Navigating Trauma Brain in Everyday Conversation
*Trigger warning, discussing trauma
*Not a mental health care professional
The first time I heard the term “trauma brain” was when I was teaching at an alternative school for students with social emotional and behavioral challenges. Many of my students were victims of trauma, and that greatly contributed to their low social emotional awareness and behavior challenges. I underwent many trainings and professional developments to understand the brain and why our students were reacting and responding the way they were.
When you experience trauma, your brain goes into survival mode. This is where your adrenaline is spiked, your anxiety is heightened, and fight/flight/freeze responses have been activated. At the time of the incident, your brain switching into this primal mode is what helps you survive it. It’s necessary. It’s crucial. But once you’re safe and away from the incident, your brain doesn’t easily just switch back. Survival mode has been activated like a bodyguard, and it’s not planning on taking a break. This is why our students would lash out and have behavior problems because their brains were stuck in “lizard brain” mode where they were filtering everything through this fight or flight survival receptor. Something as simple as asking them a question about the story we read could trigger a fight response that sometimes turned hostile.
Getting out of this lizard brain, primal survival state takes awareness and conscious effort. We called it “wizard brain” for our students, illustrating the higher level of thinking and awareness needed to identify when your brain kicks over into lizard brain/survivor mode. Teaching my students how to navigate this and develop these social emotional skills, heightened my own awareness.
I have experienced several traumatic events in my life—to be honest, I think that everyone experiences various traumas throughout our lives, so I don’t feel unique in this admission. I had a lot of denial and shame surrounding my experiences which delayed my path of acceptance and healing, but through hard work I released those emotions and have been able to reach a level of self-love and self-understanding that I hadn’t been able to accomplish before. Teaching my students these skills was crucial for my own journey—I just didn’t know it at the time. It’s difficult to see that big picture when you’re stuck in the details of living.
While I was teaching and learning about trauma brain, I was also experiencing one of the most challenging and darkest years of my life. I was in a career that was devastating for my mental health—we often had trainings about vicarious trauma and how to protect ourselves from taking on the trauma of our students who we are helping; turns out, I really struggled with that. I was in an emotionally, mentally, and verbally abusive relationship. I was physically distanced from my support system. I spent my time with toxic, co-dependent, and controlling people; and was sexually assaulted by a friend just before Halloween. I was not in a good place, to say the least. I was submerged in toxicity. By night I was surrounded by people who used me, abused me, tried to control me, and disrespected me. By day I was trying to educate and support students who verbally abused me, tried to control me, disrespected me, and on occasion physically threatened me.

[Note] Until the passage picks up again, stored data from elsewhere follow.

text \<open>Vertices are the elements of a finite type 'n (playing the role of {1..n});
  vectors in R^n are elements of real^'n.\<close>

definition simple_graph :: "('n \<Rightarrow> 'n \<Rightarrow> bool) \<Rightarrow> bool" where
  "simple_graph E \<longleftrightarrow> (\<forall>i j. E i j \<longleftrightarrow> E j i) \<and> (\<forall>i. \<not> E i i)"

definition adj_matrix :: "('n::finite \<Rightarrow> 'n \<Rightarrow> bool) \<Rightarrow> real^'n^'n" where
  "adj_matrix E = (\<chi> i j. if E i j then 1 else 0)"

definition is_clique :: "('n \<Rightarrow> 'n \<Rightarrow> bool) \<Rightarrow> 'n set \<Rightarrow> bool" where
  "is_clique E C \<longleftrightarrow> (\<forall>i\<in>C. \<forall>j\<in>C. i \<noteq> j \<longrightarrow> E i j)"

definition maximal_clique :: "('n \<Rightarrow> 'n \<Rightarrow> bool) \<Rightarrow> 'n set \<Rightarrow> bool" where
  "maximal_clique E C \<longleftrightarrow> is_clique E C \<and> (\<forall>D. is_clique E D \<longrightarrow> C \<subseteq> D \<longrightarrow> D = C)"

definition std_simplex :: "(real^'n::finite) set" where
  "std_simplex = {x. (\<forall>i. 0 \<le> x $ i \<and> x $ i \<le> 1) \<and> (\<Sum>i\<in>UNIV. x $ i) = 1}"

definition supp :: "real^'n \<Rightarrow> 'n set" where
  "supp x = {i. x $ i \<noteq> 0}"

definition clique_simplex :: "('n::finite \<Rightarrow> 'n \<Rightarrow> bool) \<Rightarrow> (real^'n) set" where
  "clique_simplex E = {x \<in> std_simplex. is_clique E (supp x)}"
lemma transitive_labeling_concat:
  assumes "A \<inter> B = {}" "finite A" "finite B" and c: "\<forall>a\<in>A. \<forall>b\<in>B. \<delta> a b = c"
    and la: "transitive_labeling A \<delta> la" and lb: "transitive_labeling B \<delta> lb"
  shows "transitive_labeling (A \<union> B) \<delta> (\<lambda>x. if x \<in> A then la x else card A + lb x)"
    (is "transitive_labeling _ _ ?lab")
proof -
  have "la a \<le> card A" if "a \<in> A" for a
    using la that by (auto simp: transitive_labeling_def bij_betw_def)
  moreover have "1 \<le> lb b" if "b \<in> B" for b
    using lb that by (auto simp: transitive_labeling_def bij_betw_def)
  ultimately have A_first: "?lab a < ?lab b" if "a \<in> A" "b \<in> B" for a b
    using that \<open>A \<inter> B = {}\<close> by fastforce
  have B_closed: "y \<in> B" if "x \<in> B" "y \<in> A \<union> B" "?lab x < ?lab y" for x y
    using that A_first[of y x] by auto
  have A_closed: "y \<in> A" if "x \<in> A" "y \<in> A \<union> B" "?lab y < ?lab x" for x y
    using that A_first[of x y] by auto
  have "\<delta> u w = \<delta> u v \<or> \<delta> u w = \<delta> v w"
    if uvw: "u \<in> A \<union> B" "v \<in> A \<union> B" "w \<in> A \<union> B" "?lab u < ?lab v" "?lab v < ?lab w"
    for u v w
  proof -
    consider "u \<in> A" "v \<in> A" "w \<in> A" | "u \<in> B" "v \<in> B" "w \<in> B" | "u \<in> A" "w \<in> B"
      using uvw B_closed[of u v] B_closed[of v w] A_closed[of w v] A_closed[of v u] by blast
    then show ?thesis
    proof cases
      case 1
      then show ?thesis using la uvw by (simp add: transitive_labeling_def)
    next
      case 2
      then have "u \<notin> A" "v \<notin> A" "w \<notin> A" using \<open>A \<inter> B = {}\<close> by auto
      then have "lb u < lb v" "lb v < lb w" using uvw(4,5) by auto
      then show ?thesis using lb 2 by (simp add: transitive_labeling_def)
    next
      case 3
      then show ?thesis using c uvw(2) by auto
    qed
  qed
  moreover have "bij_betw ?lab (A \<union> B) {1..card (A \<union> B)}"
    using bij_betw_concat_labelings assms la lb unfolding transitive_labeling_def by blast
  ultimately show ?thesis
    unfolding transitive_labeling_def by blast
qed

lemma transitive_labeling_exists:
  assumes "finite X" "symbolic_ultrametric_on X \<delta>"
  shows "\<exists>lab. transitive_labeling X \<delta> lab"
  using assms
proof (induction "card X" arbitrary: X rule: less_induct)
  case less
  show ?case
  proof (cases "2 \<le> card X")
    case True
    then obtain A B c where AB: "A \<noteq> {}" "B \<noteq> {}" "A \<inter> B = {}" "A \<union> B = X"
      "\<forall>a\<in>A. \<forall>b\<in>B. \<delta> a b = c"
      using monochromatic_split_exists[OF less.prems] unfolding monochromatic_split_def by blast
    have "finite A" "finite B" using AB less.prems by auto
    then have "card A < card X" "card B < card X"
      using AB by (auto simp: card_Un_disjoint)
    moreover have "symbolic_ultrametric_on A \<delta>" "symbolic_ultrametric_on B \<delta>"
      using symbolic_ultrametric_on_subset[OF less.prems(2)] AB(4) by auto
    ultimately obtain la lb where "transitive_labeling A \<delta> la" "transitive_labeling B \<delta> lb"
      using less.hyps \<open>finite A\<close> \<open>finite B\<close> by meson
    then show ?thesis
      using transitive_labeling_concat[OF AB(3) \<open>finite A\<close> \<open>finite B\<close> AB(5)] AB(4) by blast
  next
    case False
    then have "card X = 0 \<or> card X = 1" by linarith
    then consider "X = {}" | y where "X = {y}"
      using less.prems(1) card_1_singletonE by auto
    then have "transitive_labeling X \<delta> (\<lambda>_. 1)"
      by cases (auto simp: transitive_labeling_def bij_betw_def)
    then show ?thesis by blast
  qed
qed

lemma rank_bij_betw:
  assumes fin: "finite X"
    and trans: "\<And>u v w. \<lbrakk>u \<in> X; v \<in> X; w \<in> X; R u v; R v w\<rbrakk> \<Longrightarrow> R u w"
    and irrefl: "\<And>u. u \<in> X \<Longrightarrow> \<not> R u u"
    and total: "\<And>u v. \<lbrakk>u \<in> X; v \<in> X; u \<noteq> v\<rbrakk> \<Longrightarrow> R u v \<or> R v u"
  defines "rank \<equiv> \<lambda>u. card {w\<in>X. R w u} + 1"
  shows rank_less_iff: "\<And>u v. \<lbrakk>u \<in> X; v \<in> X\<rbrakk> \<Longrightarrow> rank u < rank v \<longleftrightarrow> R u v"
    and "bij_betw rank X {1..card X}"
proof -
  have less: "rank u < rank v" if "u \<in> X" "v \<in> X" "R u v" for u v
  proof -
    have "{w\<in>X. R w u} \<subset> {w\<in>X. R w v}"
      using that trans irrefl by blast
    then show ?thesis
      unfolding rank_def using fin by (simp add: psubset_card_mono)
  qed
  show "rank u < rank v \<longleftrightarrow> R u v" if "u \<in> X" "v \<in> X" for u v
    using less[of u v] less[of v u] total[of u v] that by fastforce
  have inj: "inj_on rank X"
  proof (rule inj_onI)
    fix u v assume "u \<in> X" "v \<in> X" "rank u = rank v"
    then show "u = v" using less[of u v] less[of v u] total[of u v] by auto
  qed
  have "rank u \<in> {1..card X}" if "u \<in> X" for u
  proof -
    have "{w\<in>X. R w u} \<subset> X" using irrefl that by auto
    then have "card {w\<in>X. R w u} < card X"
      using fin by (rule psubset_card_mono[rotated])
    then show ?thesis unfolding rank_def by simp
  qed
  then have "rank ` X = {1..card X}"
    using inj by (intro card_subset_eq) (auto simp: card_image)
  then show "bij_betw rank X {1..card X}"
    using inj by (simp add: bij_betw_def)
qed
(* Let $R=\mathbb{C}[u]/(u^2)$ and let $\mathcal{A}=(A_1,\dots,A_4)$ be a quadruple of $5\times5$ alternating matrices with entries $a^{(k)}_{ij}\in R$. Suppose the closed subscheme of $\mathbb{P}^3_R$ cut out by the five $4\times4$ principal sub-Pfaffians of $\mathcal{A}(\mathbf{x})=\sum_kA_kx_k$ has Zariski tangent space of dimension at least $2$ at a point $p$ (lying over $u=0$). Then there exists $\gamma\in U_4(\mathbb{C})\times U_5(\mathbb{C})$ such that either $\gamma(\mathcal{A})$ is in normal form of type $(K)$ for some $1\le K\le4$, or $\gamma(\mathcal{A})$ is in normal form of type $(I,J,K)$ for some $1\le I<J\le5$, $1\le K\le4$.
   Context: $U_n\subset\mathrm{GL}_n$ is the subgroup of lower triangular unipotent matrices, acting on quadruples by $A_k\mapsto\sum_l(g_4)_{kl}A_l$ and $A_k\mapsto g_5A_kg_5^t$. For $a\in R$, $a\equiv0\pmod u$ means $a\in uR$ and $a\equiv0\pmod{u^2}$ means $a=0$. A quadruple is in normal form of type $(K)$ if every entry of $A_K$ is $\equiv0\pmod u$. It is in normal form of type $(I,J,K)$ ($1\le I<J\le5$, $1\le K\le4$) if $a^{(k)}_{IJ}\equiv0\pmod u$ for all $k$; $a^{(K)}_{Ij}\equiv0\pmod u$ for all $j$; $a^{(K)}_{iJ}\equiv0\pmod u$ for all $i$; and $a^{(K)}_{IJ}\equiv0\pmod{u^2}$. *)

theory Defs
  imports "HOL-Analysis.Analysis" "HOL-Computational_Algebra.Polynomial" "HOL-Library.Function_Algebras"
begin

text \<open>Elements of R = C[u]/(u^2) are encoded as pairs (a0, a1) standing for a0 + a1 u.
  A quadruple of 5x5 matrices over R is a function A k i j (k in 1..4, i,j in 1..5).\<close>

type_synonym ringR = "complex \<times> complex"
type_synonym quadR = "nat \<Rightarrow> nat \<Rightarrow> nat \<Rightarrow> ringR"

definition alternating_quad :: "quadR \<Rightarrow> bool" where
  "alternating_quad A \<longleftrightarrow>
     (\<forall>k\<in>{1..4}. \<forall>i\<in>{1..5}. \<forall>j\<in>{1..5}. A k i j = (- fst (A k j i), - snd (A k j i)))"

definition pf4 :: "(nat \<Rightarrow> nat \<Rightarrow> 'a::comm_ring_1) \<Rightarrow> nat \<Rightarrow> nat \<Rightarrow> nat \<Rightarrow> nat \<Rightarrow> 'a" where
  "pf4 M a b c d = M a b * M c d - M a c * M b d + M a d * M b c"

definition subpf :: "(nat \<Rightarrow> nat \<Rightarrow> 'a::comm_ring_1) \<Rightarrow> nat \<Rightarrow> 'a" where
  "subpf M i = (let l = filter (\<lambda>j. j \<noteq> i) [1..<6] in pf4 M (l!0) (l!1) (l!2) (l!3))"

definition red0 :: "quadR \<Rightarrow> nat \<Rightarrow> nat \<Rightarrow> nat \<Rightarrow> complex" where
  "red0 A k i j = fst (A k i j)"

definition evalA0 :: "quadR \<Rightarrow> (nat \<Rightarrow> complex) \<Rightarrow> nat \<Rightarrow> nat \<Rightarrow> complex" where
  "evalA0 A x i j = (\<Sum>k=1..4. red0 A k i j * x k)"

definition on_X :: "quadR \<Rightarrow> (nat \<Rightarrow> complex) \<Rightarrow> bool" where
  "on_X A p \<longleftrightarrow> (\<exists>k\<in>{1..4}. p k \<noteq> 0) \<and> (\<forall>i\<in>{1..5}. subpf (evalA0 A p) i = 0)"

It was around the five-month mark of living like this that my suicidal thoughts returned. The first time that thought came into my mind it was surprising. The next few times it came to mind it was familiar. I had been suicidal when I was sixteen and am so grateful that I was able to get the perspective shift I needed to pull me out of that place. When those thoughts came back, I knew that I needed to make drastic changes to my life. I knew I didn’t actually want to end my life, everything just felt so heavy—like I was being crushed and drowned all at the same time—and I wanted THAT to end. Luckily, I knew what I needed to do. Not only had I survived it before, but I literally was teaching these skills to my students.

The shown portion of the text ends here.